The report states that “the transition to a net-zero economy … looks set to have the largest impact in the coming years” as the overarching context for the continued rise in litigation. I’ve blogged previously on some of the risks to corporate Net Zero pledges/programs that rely too much on carbon offsets, which pose litigation risks. The Association mentions other possible causes of action:
Loss of value in companies can lead to regulatory sanctions or shareholder action against directors and officers. Already, plaintiffs are taking fiduciaries and decision-makers to court, citing developing standards of care. Complaints have been brought against professionals, such as auditors, for failing to integrate climate change into corporate disclosures. Future litigation may therefore come as a direct consequence of failing to take climate change and the transition seriously enough or into account soon enough…
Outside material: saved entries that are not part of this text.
(* Let $m\geq 1$, $a\ge 1$ and $n,p>1$ be integers, and let $G$ be an $r$-regular graph of order $m$. If $n\equiv 0\pmod 2$ or $apm\equiv 1\pmod 2$, then $G\circ aH_{n,p}$ is distance magic.
   Context: A graph $G$ on $v$ vertices is distance magic if there is a bijection $f:V(G)\to\{1,\ldots,v\}$ and a constant $k$ such that for every vertex $x$, $\sum_{y\in N(x)}f(y)=k$, where $N(x)$ is the set of neighbours of $x$. $H_{n,p}$ denotes the complete multipartite graph with $p$ partite sets each of size $n$; $aH$ denotes the disjoint union of $a$ copies of $H$. The lexicographic product $G\circ H$ has vertex set $V(G)\times V(H)$, with $(g,h)$ adjacent to $(g',h')$ iff either $gg'\in E(G)$, or $g=g'$ and $hh'\in E(H)$. *)

theory Defs
  imports Main
begin

definition simple_graph :: "'a set \<Rightarrow> ('a \<Rightarrow> 'a \<Rightarrow> bool) \<Rightarrow> bool" where
  "simple_graph V E \<longleftrightarrow> finite V \<and> (\<forall>x y. E x y \<longrightarrow> x \<in> V \<and> y \<in> V)
     \<and> (\<forall>x y. E x y \<longrightarrow> E y x) \<and> (\<forall>x. \<not> E x x)"

definition nbhd :: "'a set \<Rightarrow> ('a \<Rightarrow> 'a \<Rightarrow> bool) \<Rightarrow> 'a \<Rightarrow> 'a set" where
  "nbhd V E x = {y \<in> V. E x y}"

definition regular :: "'a set \<Rightarrow> ('a \<Rightarrow> 'a \<Rightarrow> bool) \<Rightarrow> nat \<Rightarrow> bool" where
  "regular V E r \<longleftrightarrow> (\<forall>x\<in>V. card (nbhd V E x) = r)"

definition distance_magic :: "'a set \<Rightarrow> ('a \<Rightarrow> 'a \<Rightarrow> bool) \<Rightarrow> bool" where
  "distance_magic V E \<longleftrightarrow> (\<exists>f k. bij_betw f V {1..card V} \<and>
      (\<forall>x\<in>V. (\<Sum>y\<in>nbhd V E x. f y) = (k::nat)))"

definition lex_verts :: "'a set \<Rightarrow> 'b set \<Rightarrow> ('a \<times> 'b) set" where
  "lex_verts VG VH = VG \<times> VH"

definition lex_adj :: "('a \<Rightarrow> 'a \<Rightarrow> bool) \<Rightarrow> ('b \<Rightarrow> 'b \<Rightarrow> bool) \<Rightarrow> ('a \<times> 'b) \<Rightarrow> ('a \<times> 'b) \<Rightarrow> bool" where
  "lex_adj EG EH u v \<longleftrightarrow> EG (fst u) (fst v) \<or> (fst u = fst v \<and> EH (snd u) (snd v))"

text \<open>a H_{n,p}: vertices (c, i, j) with copy c < a, part i < p, index j < n;
  two vertices are adjacent iff they are in the same copy and in different parts.\<close>
definition aHnp_verts :: "nat \<Rightarrow> nat \<Rightarrow> nat \<Rightarrow> (nat \<times> nat \<times> nat) set" where
  "aHnp_verts a n p = {0..<a} \<times> {0..<p} \<times> {0..<n}"

definition aHnp_adj :: "nat \<Rightarrow> nat \<Rightarrow> nat \<Rightarrow> (nat \<times> nat \<times> nat) \<Rightarrow> (nat \<times> nat \<times> nat) \<Rightarrow> bool" where
  "aHnp_adj a n p u v \<longleftrightarrow> u \<in> aHnp_verts a n p \<and> v \<in> aHnp_verts a n p
     \<and> fst u = fst v \<and> fst (snd u) \<noteq> fst (snd v)"

end

(* Arrange the vertices of G \<circ> aH_{n,p} as an array whose rows are the parts {g} \<times> {c} \<times> {i} \<times> [n]
   of the copies of H_{n,p}, and label it bijectively by 1..|V| a p n so that every row has the same
   sum S. A vertex (g, c, i, j) is adjacent to all of {g'} \<times> aH_{n,p} for the r neighbours g' of g and
   to the p - 1 other parts of its own copy, so its neighbourhood sum is r a p S + (p - 1) S.
   Such row-constant labellings of an M \<times> n array exist for even n (glue pairs of columns
   k + 1, 2M - k) and, when M is odd, for odd n \<ge> 3 (glue such pairs to a three-column array). *)

theory Submission
  imports Defs
begin

(* A magic rectangle without the condition on column sums. *)
definition row_magic :: "('a \<times> nat \<Rightarrow> nat) \<Rightarrow> 'a set \<Rightarrow> nat \<Rightarrow> nat \<Rightarrow> bool" where
  "row_magic F P n S \<longleftrightarrow>
     bij_betw F (P \<times> {0..<n}) {1..card P * n} \<and> (\<forall>q\<in>P. (\<Sum>j<n. F (q, j)) = S)"

lemma bij_betw_if_inj_on_card:
  assumes "inj_on f A" "f ` A \<subseteq> B" "card A = card B" "finite B"
  shows "bij_betw f A B"
  unfolding bij_betw_def using assms by (metis card_image card_subset_eq)

lemma row_magic_append:
  assumes "finite P" and F: "row_magic F P n1 S1" and G: "row_magic G P n2 S2"
  shows "row_magic (\<lambda>(q, j). if j < n1 then F (q, j) else card P * n1 + G (q, j - n1))
           P (n1 + n2) (S1 + n2 * (card P * n1) + S2)"
    (is "row_magic ?H P _ _")
proof -
  let ?M = "card P"
  have Fb: "bij_betw F (P \<times> {0..<n1}) {1..?M * n1}" and Gb: "bij_betw G (P \<times> {0..<n2}) {1..?M * n2}"
    using F G unfolding row_magic_def by auto
  have F_range: "F (q, j) \<in> {1..?M * n1}" if "q \<in> P" "j < n1" for q j
    using bij_betw_apply[OF Fb] that by auto
  have G_range: "G (q, j - n1) \<in> {1..?M * n2}" if "q \<in> P" "\<not> j < n1" "j < n1 + n2" for q j
    using bij_betw_apply[OF Gb] that by auto
  have "inj_on ?H (P \<times> {0..<n1 + n2})"
  proof (rule inj_onI)
    fix x y assume x: "x \<in> P \<times> {0..<n1 + n2}" and y: "y \<in> P \<times> {0..<n1 + n2}" and eq: "?H x = ?H y"
    obtain q j q' j' where xy: "x = (q, j)" "y = (q', j')"
      by fastforce
    consider "j < n1" "j' < n1" | "\<not> j < n1" "\<not> j' < n1" | "j < n1 \<longleftrightarrow> \<not> j' < n1"
      by blast
    then show "x = y"
    proof cases
      case 1
      then have "(q, j) = (q', j')"
        using eq x y xy by (intro inj_onD[OF bij_betw_imp_inj_on[OF Fb]]) auto
      then show ?thesis
        using xy by simp
    next
      case 2
      then have "(q, j - n1) = (q', j' - n1)"
        using eq x y xy by (intro inj_onD[OF bij_betw_imp_inj_on[OF Gb]]) auto
      then show ?thesis
        using 2 xy by auto
    next
      case 3
      then show ?thesis
        using eq x y xy F_range[of q j] F_range[of q' j'] G_range[of q j] G_range[of q' j']
        by (auto split: if_splits)
    qed
  qed
  moreover have "?H x \<in> {1..?M * (n1 + n2)}" if "x \<in> P \<times> {0..<n1 + n2}" for x
    using that F_range G_range by (fastforce simp: add_mult_distrib2)
  moreover have "\<forall>q\<in>P. (\<Sum>j<n1 + n2. ?H (q, j)) = S1 + n2 * (?M * n1) + S2"
  proof
    fix q assume "q \<in> P"
    have "(\<Sum>j<n1 + n2. ?H (q, j)) = (\<Sum>j<n1. F (q, j)) + (\<Sum>j<n2. ?M * n1 + G (q, j))"
      by (induction n2) (auto simp: algebra_simps)
    then show "(\<Sum>j<n1 + n2. ?H (q, j)) = S1 + n2 * (?M * n1) + S2"
      using F G \<open>q \<in> P\<close> unfolding row_magic_def by (simp add: sum.distrib)
  qed
  ultimately show ?thesis
    unfolding row_magic_def
    by (simp add: bij_betw_if_inj_on_card image_subset_iff card_cartesian_product)
qed

lemma row_magic_no_columns: "row_magic (\<lambda>_. 0) P 0 0"
  by (simp add: row_magic_def bij_betw_def)

lemma row_magic_two_columns:
  "row_magic (\<lambda>(k, j). if j = 0 then k + 1 else 2 * M - k) {0..<M} 2 (2 * M + 1)"
  unfolding row_magic_def
  by (auto intro!: bij_betw_if_inj_on_card simp: inj_on_def card_cartesian_product numeral_2_eq_2 split: if_splits)

(* The columns take the values 1..M, M+1..2M and 2M+1..3M; in the last column the rows k \<le> h
   get the odd values and the others the even ones. *)
lemma row_magic_three_columns:
  assumes "M = 2 * h + 1"
  shows "row_magic
    (\<lambda>(k, j). if j = 0 then k + 1
              else if j = 1 then (if k \<le> h then 3 * h + k + 2 else h + k + 1)
              else if k \<le> h then 6 * h + 3 - 2 * k else 8 * h + 4 - 2 * k)
    {0..<M} 3 (9 * h + 6)"
  unfolding row_magic_def assms
  by (auto intro!: bij_betw_if_inj_on_card simp: inj_on_def card_cartesian_product numeral_3_eq_3 split: if_splits; presburger)

lemma row_magic_reindex:
  assumes "bij_betw \<phi> P Q" and "row_magic F Q n S"
  shows "row_magic (\<lambda>(q, j). F (\<phi> q, j)) P n S"
proof -
  have "bij_betw (map_prod \<phi> id) (P \<times> {0..<n}) (Q \<times> {0..<n})"
    using assms(1) by (intro bij_betw_map_prod bij_betw_id)
  moreover have "card Q = card P"
    using assms(1) by (simp add: bij_betw_same_card)
  ultimately have "bij_betw (F \<circ> map_prod \<phi> id) (P \<times> {0..<n}) {1..card P * n}"
    using assms(2) unfolding row_magic_def by (metis bij_betw_trans)
  moreover have "F \<circ> map_prod \<phi> id = (\<lambda>(q, j). F (\<phi> q, j))"
    by auto
  ultimately show ?thesis
    using assms bij_betw_apply[OF assms(1)] unfolding row_magic_def by auto
qed

lemma row_magic_even_columns:
  fixes M :: nat
  shows "\<exists>F S. row_magic F {0..<M} (2 * t) S"
proof (induction t)
  case 0
  show ?case using row_magic_no_columns by fastforce
next
  case (Suc t)
  then obtain F S where "row_magic F {0..<M} (2 * t) S"
    by blast
  from row_magic_append[OF _ this row_magic_two_columns] show ?case
    by auto
qed

lemma row_magic_odd_columns:
  fixes M :: nat
  assumes "odd M"
  shows "\<exists>F S. row_magic F {0..<M} (3 + 2 * t) S"
proof -
  obtain h where "M = 2 * h + 1"
    using assms oddE by blast
  moreover obtain F S where "row_magic F {0..<M} (2 * t) S"
    using row_magic_even_columns by blast
  ultimately show ?thesis
    using row_magic_append[OF _ row_magic_three_columns] by blast
qed

lemma exists_row_magic:
  assumes "finite P" and "even n \<or> odd (card P) \<and> n > 1"
  shows "\<exists>F S. row_magic F P n S"
proof -
  have "\<exists>F S. row_magic F {0..<card P} n S"
  proof (cases "even n")
    case True
    then show ?thesis using row_magic_even_columns by (metis evenE)
  next
    case False
    with assms(2) have "odd (card P)" and "n = 3 + 2 * ((n - 3) div 2)"
      by presburger+
    then show ?thesis using row_magic_odd_columns by metis
  qed
  moreover obtain \<phi> where "bij_betw \<phi> P {0..<card P}"
    using ex_bij_betw_finite_nat[OF assms(1)] by blast
  ultimately show ?thesis
    using row_magic_reindex by blast
qed


lemma nbhd_lex:
  assumes "simple_graph V E" and "g \<in> V"
  shows "nbhd (lex_verts V VH) (lex_adj E EH) (g, w) = nbhd V E g \<times> VH \<union> {g} \<times> nbhd VH EH w"
  using assms unfolding simple_graph_def nbhd_def lex_verts_def lex_adj_def by auto

lemma sum_nbhd_lex:
  assumes G: "simple_graph V E" and "regular V E r" and "finite VH" and "g \<in> V"
    and T: "\<forall>g'\<in>V. (\<Sum>z\<in>VH. f (g', z)) = T"
    and K: "(\<Sum>z\<in>nbhd VH EH w. f (g, z)) = K"
  shows "(\<Sum>y\<in>nbhd (lex_verts V VH) (lex_adj E EH) (g, w). f y) = r * T + K"
proof -
  let ?N = "nbhd V E g"
  have N: "?N \<subseteq> V" "finite ?N" "card ?N = r" "g \<notin> ?N"
    using G assms(2,4) finite_subset
    unfolding simple_graph_def regular_def nbhd_def by auto
  have "(\<Sum>y\<in>?N \<times> VH. f y) = (\<Sum>g'\<in>?N. \<Sum>z\<in>VH. f (g', z))"
    by (simp add: sum.cartesian_product)
  also have "\<dots> = r * T"
    using N T by (simp add: subset_eq)
  finally have "(\<Sum>y\<in>?N \<times> VH. f y) = r * T" .
  moreover have "(\<Sum>y\<in>{g} \<times> nbhd VH EH w. f y) = K"
    using K by (simp add: Sigma_def sum.reindex inj_on_def UNION_singleton_eq_range)
  moreover have "finite (nbhd VH EH w)"
    using \<open>finite VH\<close> by (simp add: nbhd_def)
  ultimately show ?thesis
    using N \<open>finite VH\<close> unfolding nbhd_lex[OF G \<open>g \<in> V\<close>]
    by (subst sum.union_disjoint) auto
qed

lemma nbhd_aHnp:
  assumes "(c, i, j) \<in> aHnp_verts a n p"
  shows "nbhd (aHnp_verts a n p) (aHnp_adj a n p) (c, i, j) = {c} \<times> ({0..<p} - {i}) \<times> {0..<n}"
  using assms unfolding nbhd_def aHnp_adj_def aHnp_verts_def by auto

lemma sum_aHnp_parts:
  fixes a n p :: nat
  assumes "\<forall>c<a. \<forall>i<p. (\<Sum>j<n. h (c, i, j)) = S" and "C \<subseteq> {0..<a}" and "I \<subseteq> {0..<p}"
  shows "(\<Sum>z\<in>C \<times> I \<times> {0..<n}. h z) = card C * card I * S"
proof -
  have "(\<Sum>z\<in>C \<times> I \<times> {0..<n}. h z) = (\<Sum>c\<in>C. \<Sum>i\<in>I. \<Sum>j\<in>{0..<n}. h (c, i, j))"
    by (simp add: sum.cartesian_product)
  also have "\<dots> = (\<Sum>c\<in>C. \<Sum>i\<in>I. S)"
    using assms by (intro sum.cong) (auto simp: atLeast0LessThan)
  finally show ?thesis by simp
qed

lemma sum_aHnp_verts:
  assumes "\<forall>c<a. \<forall>i<p. (\<Sum>j<n. h (c, i, j)) = S"
  shows "(\<Sum>z\<in>aHnp_verts a n p. h z) = a * p * S"
  using sum_aHnp_parts[OF assms order_refl order_refl] by (simp add: aHnp_verts_def)

lemma sum_nbhd_aHnp:
  assumes "\<forall>c<a. \<forall>i<p. (\<Sum>j<n. h (c, i, j)) = S" and "x \<in> aHnp_verts a n p"
  shows "(\<Sum>z\<in>nbhd (aHnp_verts a n p) (aHnp_adj a n p) x. h z) = (p - 1) * S"
proof -
  obtain c i j where x: "x = (c, i, j)" and "c < a" "i < p"
    using assms(2) by (auto simp: aHnp_verts_def)
  then show ?thesis
    using sum_aHnp_parts[OF assms(1), of "{c}" "{0..<p} - {i}"] assms(2)
    by (simp add: nbhd_aHnp)
qed

lemma sum_nbhd_lex_aHnp:
  assumes "simple_graph V E" and "regular V E r"
    and parts: "\<forall>g\<in>V. \<forall>c<a. \<forall>i<p. (\<Sum>j<n. f (g, c, i, j)) = S"
    and "x \<in> lex_verts V (aHnp_verts a n p)"
  shows "(\<Sum>y\<in>nbhd (lex_verts V (aHnp_verts a n p)) (lex_adj E (aHnp_adj a n p)) x. f y)
           = r * (a * p * S) + (p - 1) * S"
proof -
  let ?H = "aHnp_verts a n p"
  obtain g w where x: "x = (g, w)" and "g \<in> V" "w \<in> ?H"
    using assms(4) unfolding lex_verts_def by blast
  have T: "\<forall>g'\<in>V. (\<Sum>z\<in>?H. f (g', z)) = a * p * S"
    using parts sum_aHnp_verts[where h = "\<lambda>z. f (_, z)"] by blast
  have K: "(\<Sum>z\<in>nbhd ?H (aHnp_adj a n p) w. f (g, z)) = (p - 1) * S"
    using parts \<open>g \<in> V\<close> \<open>w \<in> ?H\<close> sum_nbhd_aHnp[where h = "\<lambda>z. f (g, z)"] by blast
  have "finite ?H"
    by (simp add: aHnp_verts_def)
  from sum_nbhd_lex[OF assms(1,2) this \<open>g \<in> V\<close> T K] show ?thesis
    unfolding x .
qed

lemma distance_magic_lex_aHnp_if_row_magic:
  assumes "simple_graph V E" and "regular V E r" and F: "row_magic F (V \<times> {0..<a} \<times> {0..<p}) n S"
  shows "distance_magic (lex_verts V (aHnp_verts a n p)) (lex_adj E (aHnp_adj a n p))"
proof -
  let ?W = "lex_verts V (aHnp_verts a n p)"
  define \<rho> :: "'a \<times> nat \<times> nat \<times> nat \<Rightarrow> ('a \<times> nat \<times> nat) \<times> nat"
    where "\<rho> = (\<lambda>(g, c, i, j). ((g, c, i), j))"
  have \<rho>: "bij_betw \<rho> ?W ((V \<times> {0..<a} \<times> {0..<p}) \<times> {0..<n})"
    unfolding \<rho>_def
    by (rule bij_betw_byWitness[where f' = "\<lambda>((g, c, i), j). (g, c, i, j)"])
      (auto simp: lex_verts_def aHnp_verts_def)
  then have "card ?W = card (V \<times> {0..<a} \<times> {0..<p}) * n"
    by (simp add: bij_betw_same_card card_cartesian_product)
  with F \<rho> have "bij_betw (F \<circ> \<rho>) ?W {1..card ?W}"
    unfolding row_magic_def by (simp add: bij_betw_trans)
  moreover have "\<forall>g\<in>V. \<forall>c<a. \<forall>i<p. (\<Sum>j<n. (F \<circ> \<rho>) (g, c, i, j)) = S"
    using F unfolding row_magic_def \<rho>_def by auto
  ultimately show ?thesis
    unfolding distance_magic_def using sum_nbhd_lex_aHnp[OF assms(1,2)] by blast
qed

theorem theorem12:
  fixes V :: "'a set" and E :: "'a \<Rightarrow> 'a \<Rightarrow> bool" and m r a n p :: nat
  assumes "simple_graph V E" and "card V = m" and "regular V E r"
    and "m \<ge> 1" and "a \<ge> 1" and "n > 1" and "p > 1"
    and "even n \<or> odd (a * p * m)"
  shows "distance_magic (lex_verts V (aHnp_verts a n p)) (lex_adj E (aHnp_adj a n p))"
proof -
  let ?P = "V \<times> {0..<a} \<times> {0..<p}"
  have "finite ?P"
    using assms(1) by (simp add: simple_graph_def)
  moreover have "card ?P = a * p * m"
    using assms(2) by (simp add: card_cartesian_product)
  ultimately obtain F S where "row_magic F ?P n S"
    using exists_row_magic[of ?P n] assms(6,8) by auto
  then show ?thesis
    using distance_magic_lex_aHnp_if_row_magic[OF assms(1,3)] by blast
qed

end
However, it is important to note that this field will continue to evolve and other drivers of climate litigation may emerge as the world transitions to a net-zero economy. The deployment of green and smart infrastructure systems at scale or of new and untested technologies that disrupt established business models, for example, may drive change in this space if the risks are not adequately assessed, understood and mitigated.
What You Can Do
Increased litigation risk means counsel should be involved in your company’s climate activities every step of the way – from developing public statements/reports to planning how to implement technical program elements. Potential liability and legal actions may differ based on an individual’s role as staff, management or Board member. Increasing internal awareness of these risks, and the need for counsel’s participation, is a good first step. Effective communication requires on-going reinforcement of the message as well.
When exploring these risks internally, it may be helpful to ask “How would we respond if we were faced with climate litigation?” – that moves the conversation away from questioning whether a suit would be filed, and instead opens the door to exploring what controls and protections are in place, or need to be reassessed.
Staying on top of the litigation climate of climate matters will also be important for legal departments and outside counsel. The tentacles of these issues extend widely, sometimes into surprising topics, doctrines and jurisdictions. Lawyers should attempt to gain an understanding of technical foundations of potential climate solutions and statements made by the company.
Perhaps at the most basic level, counsel should assume climate information in all forms will be widely read, since that is now under the microscope by investors, customers, NGOs, the media, and increasingly – regulators.